A Dance of the Forests

A Dance of the Forests Literary Elements

Genre

Drama

Language

Nigerian/English

Setting and Context

A clearing in the forest and the palace of Mata Kharibu

Narrator and Point of View

No narrator

Tone and Mood

Serious, Dramatic, Symbolic, Ritualistic, Magical

Protagonist and Antagonist

Protagonists are Dead Man and Dead Woman.
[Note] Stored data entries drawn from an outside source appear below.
(* Let $G$ be any GP 2 host graph in which every node is marked grey and is not a root and every edge is unmarked, with $n$ nodes and $m$ edges. When the GP 2 program is-dag is executed on $G$ (via the GP 2-to-C compiler, under the cost model below), it terminates in time $\mathrm{O}(n+m)$, i.e. linear in the size of $G$.
   Context: GP 2 semantics. Host graphs are finite directed graphs whose nodes and edges carry labels (lists of integers and strings) and marks (nodes: unmarked, red, green, blue, grey; edges: unmarked, red, green, blue, dashed); some nodes are roots. A rule is applied by finding an injective label- and mark-compatible match of its left-hand side (mark "any" matches every mark; roots match roots) satisfying the dangling condition, then changing matched items as prescribed by the right-hand side. Commands: a rule set call applies one applicable rule, failing if none applies; $P;Q$ sequencing; $P!$ iterates $P$ until it fails (break exits the innermost loop); "try $C$ then $P$ else $Q$" runs $C$ and continues with $P$ on its result if it succeeded, else $Q$ on the original graph; "if $C$ then $P$ else $Q$" runs $C$ on a copy then $P$ or $Q$ on the original; fail causes failure. Cost model (updated GP 2-to-C compiler). Host nodes are stored in separate linked lists per node mark, roots in a list, and each node has a two-dimensional array of linked lists of incident edges indexed by edge mark and orientation (incoming, outgoing, loop). Each elementary operation takes constant time: fetch first/next node with a given mark; fetch first/next root; given a node, fetch first/next incoming, outgoing or loop edge with a given mark; read degrees, mark, root status, source, target; set/clear/test a "matched" flag. Matching is a search using these operations; completing a rule application once a match is found takes constant time for rules that only change marks/roots. Running time is the total cost; the size of $G$ is $n+m$. The program is-dag (labels unchanged; rule edges directed from node 1 to node 2): Main = (init; DFS!; try unroot else break)!; Check DFS = try next_edge then (try {move, ignore} else (set_flag; break)) else (try loop; try back else break) Check = if flag then fail - init: grey non-root node becomes a red root. - unroot: red root becomes blue non-root. - set_flag: red root becomes green root. - flag: green root; no change. - next_edge: red root 1, node 2 of any mark, unmarked edge 1→2; edge becomes red. - ignore: red root 1, blue node 2, red edge 1→2; edge becomes blue. - move: red root 1, grey node 2, red edge 1→2; node 1 becomes red non-root, node 2 red root, edge dashed. - back: red non-root 1, red root 2, dashed edge 1→2; node 1 becomes red root, node 2 blue non-root, edge blue. - loop: red root with an unmarked loop; node becomes green root. *)

theory Defs
  imports Main
begin

text \<open>Labels are omitted: every rule of is-dag matches arbitrary labels and leaves
them unchanged, so labels influence neither matching nor cost.\<close>

datatype nmark = NUnm | NRed | NGreen | NBlue | NGrey
datatype emark = EUnm | ERed | EGreen | EBlue | EDashed
datatype orient = InE | OutE | LoopE

text \<open>The abstract host graph (nodes, edges, source, target, marks, root flags)
together with the compiler's linked lists: one node list per node mark, a root list,
and per node a two-dimensional array of incident-edge lists indexed by edge mark and
orientation.  Lists are modelled by HOL lists (order = traversal order).\<close>

record hstate =
  V    :: "nat set"
  E    :: "nat set"
  src  :: "nat \<Rightarrow> nat"
  tgt  :: "nat \<Rightarrow> nat"
  nmk  :: "nat \<Rightarrow> nmark"
  emk  :: "nat \<Rightarrow> emark"
  rt   :: "nat \<Rightarrow> bool"
  nlist :: "nmark \<Rightarrow> nat list"
  rlist :: "nat list"
  elist :: "nat \<Rightarrow> emark \<Rightarrow> orient \<Rightarrow> nat list"

definition valid_rep :: "hstate \<Rightarrow> bool" where
  "valid_rep s \<longleftrightarrow>
     finite (V s) \<and> finite (E s) \<and>
     (\<forall>e\<in>E s. src s e \<in> V s \<and> tgt s e \<in> V s) \<and>
     (\<forall>k. distinct (nlist s k) \<and> set (nlist s k) = {v\<in>V s. nmk s v = k}) \<and>
     distinct (rlist s) \<and> set (rlist s) = {v\<in>V s. rt s v} \<and>
     (\<forall>v\<in>V s. \<forall>k.
        distinct (elist s v k OutE) \<and>
        set (elist s v k OutE) = {e\<in>E s. src s e = v \<and> tgt s e \<noteq> v \<and> emk s e = k} \<and>
        distinct (elist s v k InE) \<and>
        set (elist s v k InE) = {e\<in>E s. tgt s e = v \<and> src s e \<noteq> v \<and> emk s e = k} \<and>
        distinct (elist s v k LoopE) \<and>
        set (elist s v k LoopE) = {e\<in>E s. src s e = v \<and> tgt s e = v \<and> emk s e = k})"

subsection \<open>Constant-time updates (relinking in the lists; new position = front)\<close>

definition set_nmark :: "nat \<Rightarrow> nmark \<Rightarrow> hstate \<Rightarrow> hstate" where
  "set_nmark v k s = s\<lparr>nlist := (nlist s)(nmk s v := removeAll v (nlist s (nmk s v)),
                                          k := v # removeAll v (nlist s k)),
                        nmk := (nmk s)(v := k)\<rparr>"

definition set_root :: "nat \<Rightarrow> bool \<Rightarrow> hstate \<Rightarrow> hstate" where
  "set_root v b s = s\<lparr>rt := (rt s)(v := b),
                       rlist := (if b then v # removeAll v (rlist s) else removeAll v (rlist s))\<rparr>"

definition modl :: "(nat \<Rightarrow> emark \<Rightarrow> orient \<Rightarrow> nat list) \<Rightarrow> nat \<Rightarrow> emark \<Rightarrow> orient
                    \<Rightarrow> (nat list \<Rightarrow> nat list) \<Rightarrow> (nat \<Rightarrow> emark \<Rightarrow> orient \<Rightarrow> nat list)" where
  "modl el v k d f = el(v := (el v)(k := (el v k)(d := f (el v k d))))"

definition set_emark :: "nat \<Rightarrow> emark \<Rightarrow> hstate \<Rightarrow> hstate" where
  "set_emark e k s =
     (let a = src s e; b = tgt s e; k0 = emk s e; el = elist s in
      s\<lparr>elist := (if a = b then modl (modl el a k0 LoopE (removeAll e)) a k LoopE (Cons e)
                  else modl (modl (modl (modl el a k0 OutE (removeAll e)) a k OutE (Cons e))
                                  b k0 InE (removeAll e)) b k InE (Cons e)),
        emk := (emk s)(e := k)\<rparr>)"

text \<open>Traversing a linked list: every fetch (including the final fetch returning
null) costs 1; the candidate test returns its own cost.\<close>

fun find :: "('a \<Rightarrow> 'b option \<times> nat) \<Rightarrow> 'a list \<Rightarrow> 'b option \<times> nat" where
  "find f [] = (None, 1)"
| "find f (x # xs) =
     (case f x of
        (Some r, c) \<Rightarrow> (Some r, Suc c)
      | (None, c) \<Rightarrow> (case find f xs of (r, c') \<Rightarrow> (r, Suc (c + c'))))"

text \<open>Completing a rule application after a match is found costs a constant (1).\<close>

fun apply_m :: "'m option \<times> nat \<Rightarrow> ('m \<Rightarrow> hstate) \<Rightarrow> hstate option \<times> nat" where
  "apply_m (Some x, c) g = (Some (g x), Suc c)"
| "apply_m (None, c) g = (None, c)"

type_synonym rule = "hstate \<Rightarrow> hstate option \<times> nat"

text \<open>Search plans as generated by the compiler: root nodes of the LHS are
searched first via the root list, the remaining items are reached by following
incident edges; a non-root LHS node without root node is found via the node list of
its mark.\<close>

definition root_with :: "nmark \<Rightarrow> hstate \<Rightarrow> nat option \<times> nat" where
  "root_with k s = find (\<lambda>v. (if nmk s v = k then Some v else None, 1)) (rlist s)"

definition red_root_out :: "emark \<Rightarrow> (nat \<Rightarrow> bool) \<Rightarrow> hstate \<Rightarrow> (nat \<times> nat) option \<times> nat" where
  "red_root_out ek P s =
     find (\<lambda>v. if nmk s v = NRed then
                  (case find (\<lambda>e. (if tgt s e \<noteq> v \<and> P (tgt s e) then Some (v, e) else None, 1))
                             (elist s v ek OutE) of (r, c) \<Rightarrow> (r, Suc c))
                else (None, 1)) (rlist s)"

definition r_init :: rule where
  "r_init s = apply_m (find (\<lambda>v. (Some v, 1)) (nlist s NGrey))
                      (\<lambda>v. set_root v True (set_nmark v NRed s))"

definition r_unroot :: rule where
  "r_unroot s = apply_m (root_with NRed s) (\<lambda>v. set_root v False (set_nmark v NBlue s))"

definition r_set_flag :: rule where
  "r_set_flag s = apply_m (root_with NRed s) (\<lambda>v. set_nmark v NGreen s)"

definition r_flag :: rule where
  "r_flag s = apply_m (root_with NGreen s) (\<lambda>v. s)"

definition r_next_edge :: rule where
  "r_next_edge s = apply_m (red_root_out EUnm (\<lambda>w. True) s) (\<lambda>(v, e). set_emark e ERed s)"

definition r_ignore :: rule where
  "r_ignore s = apply_m (red_root_out ERed (\<lambda>w. nmk s w = NBlue) s) (\<lambda>(v, e). set_emark e EBlue s)"

definition r_move :: rule where
  "r_move s = apply_m (red_root_out ERed (\<lambda>w. nmk s w = NGrey) s)
     (\<lambda>(v, e). set_emark e EDashed (set_root (tgt s e) True (set_nmark (tgt s e) NRed
                (set_root v False s))))"

definition r_back :: rule where
  "r_back s = apply_m
     (find (\<lambda>w. if nmk s w = NRed then
                  (case find (\<lambda>e. (if src s e \<noteq> w \<and> nmk s (src s e) = NRed
                                    then Some (src s e, w, e) else None, 1))
                             (elist s w EDashed InE) of (r, c) \<Rightarrow> (r, Suc c))
                else (None, 1)) (rlist s))
     (\<lambda>(v, w, e). set_emark e EBlue (set_root w False (set_nmark w NBlue (set_root v True s))))"

definition r_loop :: rule where
  "r_loop s = apply_m
     (find (\<lambda>v. if nmk s v = NRed then
                  (case find (\<lambda>e. (Some (v, e), 1)) (elist s v EUnm LoopE) of (r, c) \<Rightarrow> (r, Suc c))
                else (None, 1)) (rlist s))
     (\<lambda>(v, e). set_nmark v NGreen s)"

fun apply_rs :: "rule list \<Rightarrow> hstate \<Rightarrow> hstate option \<times> nat" where
  "apply_rs [] s = (None, 0)"
| "apply_rs (r # rs) s =
     (case r s of
        (Some s', c) \<Rightarrow> (Some s', c)
      | (None, c) \<Rightarrow> (case apply_rs rs s of (x, c') \<Rightarrow> (x, c + c')))"

datatype cmd = Call "rule list" | Seq cmd cmd | Loop cmd | Try cmd cmd cmd | If cmd cmd cmd
  | Skip | Fail | Break

datatype outcome = ROk hstate | RFail | RBrk hstate

definition addc :: "nat \<Rightarrow> (outcome \<times> nat) option \<Rightarrow> (outcome \<times> nat) option" where
  "addc c x = map_option (\<lambda>(r, c'). (r, c + c')) x"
Antagonists are Demoke, Rola, Adenebi, Agborkeo

Major Conflict

Dead Man and Dead Woman have been brought to the land of the living in order to have their account of their abuse and deaths heard, so that the mortals who inflicted that corruption and abuse will atone and be brought to justice.

Climax

The climax occurs when Demoke returns the child to the Dead Woman and everyone leaves the stage.

Foreshadowing

The rising of the Dead Man and Woman foreshadows that someone has killed them as they ask for their case to be heard.

Understatement

Allusions

The play makes allusions to Nigerian history, traditional Yoruba performance and ritual.

Imagery

The dance that takes place in the welcoming of the dead includes some vivid imagery.

Paradox

The four mortals carry their pasts with them in spite of no longer bearing the identities of their former lives.

Parallelism

All of the mortals are parallels to their former selves.

Personification

During the welcoming of the dead, various elements of nature come to life and speak from the perspective of the natural world.

Use of Dramatic Devices

Solinka's use of both prose and verse allows the form of the play to move from reality to a more heightened state which is necessary to illuminate the spiritual, more abstract elements in the play.